What the task requires -
Wherever the string "lemma" appears in the entries below, return the line that holds it.
BEGIN Task material
lemma resolution_cells_bounded_above:
  assumes mono: "\<And>\<alpha> \<beta>. \<alpha> \<le> \<beta> \<Longrightarrow> B \<alpha> \<subseteq> B \<beta>"
    and f: "\<And>n. f n \<in> resolution_cell B (map \<alpha> [0..<n])"
  shows "\<exists>\<gamma>. \<forall>n. f n \<in> B \<gamma>"
proof -
  have "\<forall>n. \<exists>\<beta>. (\<forall>i<n. \<beta> i = \<alpha> i) \<and> f n \<in> B \<beta>"
    by (intro allI) (rule f[unfolded mem_resolution_cell_map_upt])
  then obtain \<beta> where \<beta>: "\<And>n. (\<forall>i<n. \<beta> n i = \<alpha> i) \<and> f n \<in> B (\<beta> n)"
    by (metis choice)
  \<comment> \<open>only \<beta> 0, ..., \<beta> i can differ from \<alpha> at i, so \<gamma> i is a finite maximum\<close>
  define \<gamma> where "\<gamma> i = Max (insert (\<alpha> i) ((\<lambda>j. \<beta> j i) ` {..i}))" for i
  have "\<beta> n \<le> \<gamma>" for n
  proof (rule le_funI)
    fix i
    have "\<beta> n i \<in> insert (\<alpha> i) ((\<lambda>j. \<beta> j i) ` {..i})"
      using \<beta>[of n] by (cases "n \<le> i") auto
    then show "\<beta> n i \<le> \<gamma> i"
      unfolding \<gamma>_def by (intro Max_ge) auto
  qed
  then show ?thesis using \<beta> mono by blast
qed

lemma has_bounded_resolution_imp_countable:
  assumes P: "P_space X" and "has_bounded_resolution X"
  shows "countable (topspace X)"
proof -
  obtain B :: "(nat \<Rightarrow> nat) \<Rightarrow> ('a \<Rightarrow> real) set" where B: "(\<forall>\<alpha>. Cp_bounded X (B \<alpha>)) \<and>
      (\<Union>\<alpha>. B \<alpha>) = Cp_carrier X \<and> (\<forall>\<alpha> \<beta>. \<alpha> \<le> \<beta> \<longrightarrow> B \<alpha> \<subseteq> B \<beta>)"
    using assms(2) unfolding has_bounded_resolution_def ..
  then have bounded: "\<And>\<alpha>. Cp_bounded X (B \<alpha>)" and cov: "(\<Union>\<alpha>. B \<alpha>) = Cp_carrier X"
    and mono: "\<And>\<alpha> \<beta>. \<alpha> \<le> \<beta> \<Longrightarrow> B \<alpha> \<subseteq> B \<beta>"
    by auto
  obtain \<alpha> where "\<And>n. locally_dense_cell X B (map \<alpha> [0..<n])"
    using exists_branch_of_locally_dense_cells[OF P] cov by blast
  then have "\<forall>n. \<exists>F. finite F \<and>
      (\<forall>y\<in>topspace X - F. \<forall>c. \<exists>f\<in>resolution_cell B (map \<alpha> [0..<n]). f y = c)"
    using locally_dense_cell_attains_all_values[OF P] by blast
  then obtain F where F: "\<And>n. finite (F n)"
    "\<And>n. \<forall>y\<in>topspace X - F n. \<forall>c. \<exists>f\<in>resolution_cell B (map \<alpha> [0..<n]). f y = c"
    by (metis choice)
  have "y \<in> (\<Union>n. F n)" if y: "y \<in> topspace X" for y
  proof (rule ccontr)
    assume "y \<notin> (\<Union>n. F n)"
    then have "\<forall>n. \<exists>f. f \<in> resolution_cell B (map \<alpha> [0..<n]) \<and> f y = real n"
      using F(2) y by blast
    then obtain f where f: "\<And>n. f n \<in> resolution_cell B (map \<alpha> [0..<n]) \<and> f n y = real n"
      by (metis choice)
    then obtain \<gamma> where \<gamma>: "\<forall>n. f n \<in> B \<gamma>"
      using resolution_cells_bounded_above[of B f \<alpha>] mono by blast
    obtain M where "\<forall>g\<in>B \<gamma>. \<bar>g y\<bar> \<le> M"
      using Cp_bounded_imp_pointwise_bounded[OF bounded y] by blast
    then have "\<bar>f n y\<bar> \<le> M" for n
      using \<gamma> by blast
    then have "real (Suc (nat \<lceil>M\<rceil>)) \<le> M"
      using f by (metis abs_of_nat)
    then show False
      using real_nat_ceiling_ge[of M] by simp
  qed
  moreover have "countable (\<Union>n. F n)"
    using F(1) by (simp add: countable_finite)
  ultimately show ?thesis
    by (meson countable_subset subsetI)
qed

theorem proposition3p4:
  fixes X :: "'a topology"
  assumes "Lindelof_space X" and "P_space X"
  shows "has_bounded_resolution X \<longleftrightarrow>
           countable (topspace X) \<and> X = discrete_topology (topspace X)"
proof
  assume "has_bounded_resolution X"
  then have "countable (topspace X)"
    using has_bounded_resolution_imp_countable[OF assms(2)] by blast
  then show "countable (topspace X) \<and> X = discrete_topology (topspace X)"
    using P_space_countable_imp_discrete[OF assms(2)] by blast
qed (use countable_imp_has_bounded_resolution in blast)

end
END Task material
Task output -
lemma resolution_cells_bounded_above:
lemma has_bounded_resolution_imp_countable:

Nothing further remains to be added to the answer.